Three tool calls per step. One: browser_snapshot writes the YAML tree to /tmp/playwright-mcp as a file. Two: the agent reads the file, scans for the element whose role and accessible name match its intent, and pulls out the ref (for example [ref=e12]). Three: the agent calls browser_click with that ref, or browser_type if it needs to fill a field, or browser_navigate if it needs a new URL. Because refs are stable within a snapshot but re-issued on the next snapshot, the loop has to take a fresh snapshot after any action that mutates the page. The upside is that the agent never has to reason about pixel coordinates, CSS classes, or XPath; those are all problems of the snapshot, not the agent. Fazm's connection test, which lives at Desktop/Sources/Chat/ACPBridge.swift line 1503, is literally the minimal version of this loop: one browser_snapshot call, one pass or fail.

If the extension is not installed, what does Fazm do instead?

It falls back to the standard Playwright chromium launch. The gate is the environment variable PLAYWRIGHT_USE_EXTENSION, read at acp-bridge/src/index.ts line 1029. When it is the string 'true', the bridge appends --extension to the Playwright args, which tells Playwright MCP to connect to the Playwright MCP Bridge Chrome extension (ID mmlmfjhmonkocbjadbfplnigmagldckm). When it is unset or false, Playwright launches its own Chromium instance. Both code paths use the same --output-mode file --image-responses omit plumbing, so the three-layer image defense works identically either way. The difference is whether the agent is driving the Chrome you are already signed into (extension mode) or a fresh Chromium with empty cookies (default mode).

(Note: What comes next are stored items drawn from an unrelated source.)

lemma interleave_simps [simp]:
  "interleave t \<alpha> \<beta> 0 = t"
  "interleave t \<alpha> \<beta> (Suc (2 * k)) = \<alpha> k"
  "interleave t \<alpha> \<beta> (Suc (Suc (2 * k))) = \<beta> k"
  by (simp_all add: interleave_def)

lemma interleave_index_cases:
  fixes i :: nat
  obtains "i = 0" | k where "i = Suc (2 * k)" | k where "i = Suc (Suc (2 * k))"
proof (cases i)
  case (Suc m)
  then show ?thesis
    using that(2,3) by (cases "even m") (auto elim!: evenE oddE)
qed (use that(1) in simp)

lemma interleave_components:
  "interleave (T 0) (\<lambda>k. T (Suc (2 * k))) (\<lambda>k. T (Suc (Suc (2 * k)))) = T"
proof
  fix i show "interleave (T 0) (\<lambda>k. T (Suc (2 * k))) (\<lambda>k. T (Suc (Suc (2 * k)))) i = T i"
    by (cases i rule: interleave_index_cases) simp_all
qed

lemma interleave_eq_iff:
  "interleave t \<alpha> \<beta> = interleave t' \<alpha>' \<beta>' \<longleftrightarrow> t = t' \<and> \<alpha> = \<alpha>' \<and> \<beta> = \<beta>'"
proof
  assume eq: "interleave t \<alpha> \<beta> = interleave t' \<alpha>' \<beta>'"
  have "\<alpha> k = \<alpha>' k" "\<beta> k = \<beta>' k" for k
    using fun_cong[OF eq, of "Suc (2 * k)"] fun_cong[OF eq, of "Suc (Suc (2 * k))"] by simp_all
  moreover have "t = t'"
    using fun_cong[OF eq, of 0] by simp
  ultimately show "t = t' \<and> \<alpha> = \<alpha>' \<and> \<beta> = \<beta>'" by auto
qed simp

lemma interleave_Suc_Suc:
  "interleave t \<alpha> \<beta> (Suc (Suc i)) = interleave (\<beta> 0) (\<alpha> \<circ> Suc) (\<beta> \<circ> Suc) i"
  by (simp add: interleave_def split: nat.split)

lemma interleave_step2_antitone_iff:
  "(\<forall>i. interleave t \<alpha> \<beta> (Suc (Suc i)) \<le> interleave t \<alpha> \<beta> i)
    \<longleftrightarrow> antimono \<alpha> \<and> antimono \<beta> \<and> \<beta> 0 \<le> t"
proof
  assume "\<forall>i. interleave t \<alpha> \<beta> (Suc (Suc i)) \<le> interleave t \<alpha> \<beta> i"
  then have step: "interleave (\<beta> 0) (\<alpha> \<circ> Suc) (\<beta> \<circ> Suc) i \<le> interleave t \<alpha> \<beta> i" for i
    by (simp only: interleave_Suc_Suc)
  have "\<alpha> (Suc k) \<le> \<alpha> k" "\<beta> (Suc k) \<le> \<beta> k" for k
    using step[of "Suc (2 * k)"] step[of "Suc (Suc (2 * k))"] by simp_all
  moreover have "\<beta> 0 \<le> t"
    using step[of 0] by simp
  ultimately show "antimono \<alpha> \<and> antimono \<beta> \<and> \<beta> 0 \<le> t"
    by (simp add: antimono_iff_le_Suc)
next
  assume "antimono \<alpha> \<and> antimono \<beta> \<and> \<beta> 0 \<le> t"
  then have "interleave (\<beta> 0) (\<alpha> \<circ> Suc) (\<beta> \<circ> Suc) i \<le> interleave t \<alpha> \<beta> i" for i
    by (cases i rule: interleave_index_cases) (simp_all add: antimono_iff_le_Suc)
  then show "\<forall>i. interleave t \<alpha> \<beta> (Suc (Suc i)) \<le> interleave t \<alpha> \<beta> i"
    by (simp only: interleave_Suc_Suc) blast
qed
lemma eventually_rates:
  assumes "0 < \<gamma>"
  shows "\<forall>\<^sub>F n in sequentially. 1 \<le> n \<and>
          log 2 (real (card (C1 n))) / real n \<le> R1 + \<gamma> \<and>
          log 2 (real (card (C2 n))) / real n \<le> R2 + \<gamma> \<and>
          err_prob n pX (phi1 n) (phi2 n) (psi n) \<le> \<epsilon> \<and>
          mutinf (cipher_joint n pX pK (Phi1 n) (Phi2 n)) \<le> \<delta>"
proof -
  obtain n0 where "\<forall>n\<ge>n0. n \<ge> 1 \<longrightarrow>
          log 2 (real (card (C1 n))) / real n \<le> R1 + \<gamma> \<and>
          log 2 (real (card (C2 n))) / real n \<le> R2 + \<gamma> \<and>
          err_prob n pX (phi1 n) (phi2 n) (psi n) \<le> \<epsilon> \<and>
          mutinf (cipher_joint n pX pK (Phi1 n) (Phi2 n)) \<le> \<delta>"
    using rates assms by blast
  then show ?thesis unfolding eventually_sequentially by (intro exI[of _ "max n0 1"]) auto
qed

lemma err_prob_eq_prob_decodable: "err_prob n pX (phi1 n) (phi2 n) (psi n) = 1 - measure_pmf.prob (iid n pX) (decodable n)"
proof -
  have "(\<lambda>zs. (map fst zs, map snd zs)) -` {(x1, x2). psi n (phi1 n x1) (phi2 n x2) \<noteq> (x1, x2)}
      = UNIV - decodable n"
    by (auto simp: decodable_def)
  then show ?thesis
    using measure_pmf.prob_compl[of "decodable n" "iid n pX"] by (simp add: err_prob_def)
qed

lemma eventually_prob_decodable: "\<forall>\<^sub>F n in sequentially. 1 - \<epsilon> \<le> measure_pmf.prob (iid n pX) (decodable n)"
  using eventually_rates[OF zero_less_one] by eventually_elim (simp add: err_prob_eq_prob_decodable)

lemma eventually_mutinf_le: "\<forall>\<^sub>F n in sequentially. mutinf (cipher_joint n pX pK (Phi1 n) (Phi2 n)) \<le> \<delta>"
  using eventually_rates[OF zero_less_one] by eventually_elim simp

lemma eventually_card_C1_le:
  "0 < \<gamma> \<Longrightarrow> \<forall>\<^sub>F n in sequentially. real (card (C1 n)) \<le> 2 powr (real n * (R1 + \<gamma>))"
  using eventually_rates by (rule eventually_mono) (auto intro: card_le_powr_of_log_le)

lemma eventually_card_C2_le:
  "0 < \<gamma> \<Longrightarrow> \<forall>\<^sub>F n in sequentially. real (card (C2 n)) \<le> 2 powr (real n * (R2 + \<gamma>))"
  using eventually_rates by (rule eventually_mono) (auto intro: card_le_powr_of_log_le)

lemma inj_on_decodable:
  assumes "1 \<le> n" "length k1 = n" "length k2 = n"
  shows "inj_on (\<lambda>zs. (Phi1 n k1 (map fst zs), Phi2 n k2 (map snd zs))) (lists_of_length n \<inter> decodable n)"
proof (rule inj_onI)
  fix zs zs' assume zs: "zs \<in> lists_of_length n \<inter> decodable n" and zs': "zs' \<in> lists_of_length n \<inter> decodable n"
    and eq: "(Phi1 n k1 (map fst zs), Phi2 n k2 (map snd zs)) = (Phi1 n k1 (map fst zs'), Phi2 n k2 (map snd zs'))"
  have sys: "is_system n (C1 n) (C2 n) (Phi1 n) (Phi2 n) (Psi n) (phi1 n) (phi2 n) (psi n)"
    using systems assms(1) by blast
  have "(map fst zs, map snd zs) = Psi n k1 k2 (Phi1 n k1 (map fst zs)) (Phi2 n k2 (map snd zs))"
    using sys zs assms by (simp add: is_system_def decodable_def lists_of_length_def)
  also have "\<dots> = (map fst zs', map snd zs')"
    using sys zs' assms eq by (simp add: is_system_def decodable_def lists_of_length_def)
  finally show "zs = zs'" using inj_map_fst_snd by (auto dest: injD)
qed

lemma inj_on_decodable_slice:
  assumes "1 \<le> n" "length k1 = n" "length ys = n"
  shows "inj_on (Phi1 n k1) {xs \<in> lists_of_length n. zip xs ys \<in> decodable n}"
proof (rule inj_onI)
  fix xs xs' assume xs: "xs \<in> {xs \<in> lists_of_length n. zip xs ys \<in> decodable n}"
    and xs': "xs' \<in> {xs \<in> lists_of_length n. zip xs ys \<in> decodable n}" and "Phi1 n k1 xs = Phi1 n k1 xs'"
  moreover have "inj_on (\<lambda>zs. (Phi1 n k1 (map fst zs), Phi2 n (replicate n undefined) (map snd zs)))
      (lists_of_length n \<inter> decodable n)"
    using assms by (intro inj_on_decodable) auto
  ultimately have "zip xs ys = zip xs' ys"
    using xs xs' assms by (elim inj_onD) (auto simp: lists_of_length_def)
  then show "xs = xs'" using xs xs' assms by (metis (mono_tags) lists_of_length_def map_fst_zip mem_Collect_eq)
qed

lemma card_decodable_slice_le:
  assumes "1 \<le> n" "length ys = n"
  shows "real (card {xs \<in> lists_of_length n. zip xs ys \<in> decodable n}) \<le> real (card (C1 n))"
proof -
  have "is_system n (C1 n) (C2 n) (Phi1 n) (Phi2 n) (Psi n) (phi1 n) (phi2 n) (psi n)"
    using systems assms(1) by blast
  then have "finite (C1 n)" "Phi1 n (replicate n undefined) ` {xs \<in> lists_of_length n. zip xs ys \<in> decodable n} \<subseteq> C1 n"
    by (auto simp: is_system_def lists_of_length_def)
  then show ?thesis
    using assms inj_on_decodable_slice[of n "replicate n undefined" ys] by (simp add: card_inj_on_le)
qed

lemma R1_ge_cond_ent: "ent pX - ent (map_pmf snd pX) \<le> R1"
proof -
  have fac: "\<forall>z. pmf pX z = pmf (map_pmf snd pX) (snd z) * (pmf pX z / pmf (map_pmf snd pX) (snd z))"
    using pmf_eq_mult_cond[of pX _ snd] by blast
  have "log_loss pX (\<lambda>z. pmf pX z / pmf (map_pmf snd pX) (snd z)) \<le> R1"
  proof (rule log_loss_le_rate[OF eps_less_1 eventually_prob_decodable fac])
    fix \<gamma> :: real assume "0 < \<gamma>"
    show "\<forall>\<^sub>F n in sequentially. (\<Sum>zs\<in>lists_of_length n \<inter> decodable n.
        prod_list (map (\<lambda>z. pmf (map_pmf snd pX) (snd z)) zs)) \<le> 2 powr (real n * (R1 + \<gamma>))"
      using eventually_card_C1_le[OF \<open>0 < \<gamma>\<close>] eventually_ge_at_top[of 1]
    proof eventually_elim
      case (elim n)
      have "(\<Sum>zs\<in>lists_of_length n \<inter> decodable n. prod_list (map (\<lambda>z. pmf (map_pmf snd pX) (snd z)) zs))
          \<le> real (card (C1 n))"
        using card_decodable_slice_le elim(2) by (intro sum_prod_pmf_snd_le) (auto simp: lists_of_length_def)
      with elim(1) show ?case by linarith
    qed
  qed (auto simp: divide_nonneg_nonneg)
  then show ?thesis by (simp add: log_loss_cond)
qed

lemma R1_R2_ge_ent: "ent pX \<le> R1 + R2"
proof -
  have "log_loss pX (pmf pX) \<le> R1 + R2"
  proof (rule log_loss_le_rate[OF eps_less_1 eventually_prob_decodable, where w = "\<lambda>_. 1"])
    fix \<gamma> :: real assume "0 < \<gamma>"
    then have "0 < \<gamma> / 2" by simp
    show "\<forall>\<^sub>F n in sequentially. (\<Sum>zs\<in>lists_of_length n \<inter> decodable n. prod_list (map (\<lambda>_. 1) zs))
        \<le> 2 powr (real n * (R1 + R2 + \<gamma>))"
      using eventually_card_C1_le[OF \<open>0 < \<gamma> / 2\<close>] eventually_card_C2_le[OF \<open>0 < \<gamma> / 2\<close>]
        eventually_ge_at_top[of 1]
    proof eventually_elim
      case (elim n)
      let ?k = "replicate n undefined"
      have "is_system n (C1 n) (C2 n) (Phi1 n) (Phi2 n) (Psi n) (phi1 n) (phi2 n) (psi n)"
        using systems elim(3) by blast
      then have "finite (C1 n \<times> C2 n)"
        "(\<lambda>zs. (Phi1 n ?k (map fst zs), Phi2 n ?k (map snd zs))) ` (lists_of_length n \<inter> decodable n) \<subseteq> C1 n \<times> C2 n"
        by (auto simp: is_system_def lists_of_length_def)
      then have "card (lists_of_length n \<inter> decodable n) \<le> card (C1 n \<times> C2 n)"
        using inj_on_decodable[of n ?k ?k] elim(3) by (intro card_inj_on_le) auto
      then have "(\<Sum>zs\<in>lists_of_length n \<inter> decodable n. prod_list (map (\<lambda>_. 1) zs))
          \<le> real (card (C1 n)) * real (card (C2 n))"
        by (simp add: map_replicate_const card_cartesian_product flip: of_nat_mult)
      also have "\<dots> \<le> 2 powr (real n * (R1 + \<gamma> / 2)) * 2 powr (real n * (R2 + \<gamma> / 2))"
        using elim by (intro mult_mono) auto
      also have "\<dots> = 2 powr (real n * (R1 + R2 + \<gamma>))"
        by (simp add: powr_add[symmetric] algebra_simps)
      finally show ?case .
    qed
  qed auto
  then show ?thesis by (simp add: ent_eq_log_loss)
qed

How does this affect tasks that really do need to look at a screenshot?

They still work. The three layers are stacking defenses, not a ban. --image-responses omit strips inline base64 from MCP responses — the screenshot still exists as a PNG on disk, referenced by path in the tool output. The resize watcher scales it down if it is oversized, so Claude's API does not reject it. MAX_IMAGE_TURNS caps how many image-bearing turns per session. Together they mean a 40-step chrome browser automation task spends its context budget on accessibility snapshots (cheap, structured, tiny) and only burns image budget when the task genuinely needs pixels. That is the asymmetry that makes long tasks complete.

Is this specific to Chrome, or does it work for other browsers?

The extension side is Chrome-only right now. The Playwright MCP Bridge is a Chrome Web Store extension, so the 'attach to my real browser' mode requires Chrome or a Chromium fork that can install Chrome Web Store extensions. The fallback path uses Playwright's default chromium download and works on any Mac. If your task involves a different browser (Safari, Firefox) Fazm switches to the macos-use MCP and drives that browser through the macOS accessibility tree instead, which is a different code path but the same underlying 'no screenshots, structured snapshots only' philosophy.

How do I verify any of this on my own machine?

Install Fazm, grant Accessibility, install the Playwright MCP Bridge extension, and run any task that touches a Chrome tab. While it is running, ls /tmp/playwright-mcp — you will see a growing set of YAML files (one per snapshot) and a smaller number of PNGs (only when the agent asked for an image). Run sips -g pixelWidth -g pixelHeight on any PNG in there; none will exceed 1920 in either dimension. Open the Fazm log (~/Library/Logs/Fazm/app.log on a packaged build, /tmp/fazm-dev.log on a dev build) and grep for 'Screenshot resized' — you will see the watcher logging each re-encoding. If the source is open, you can also read the exact code in acp-bridge/src/index.ts lines 709 to 758.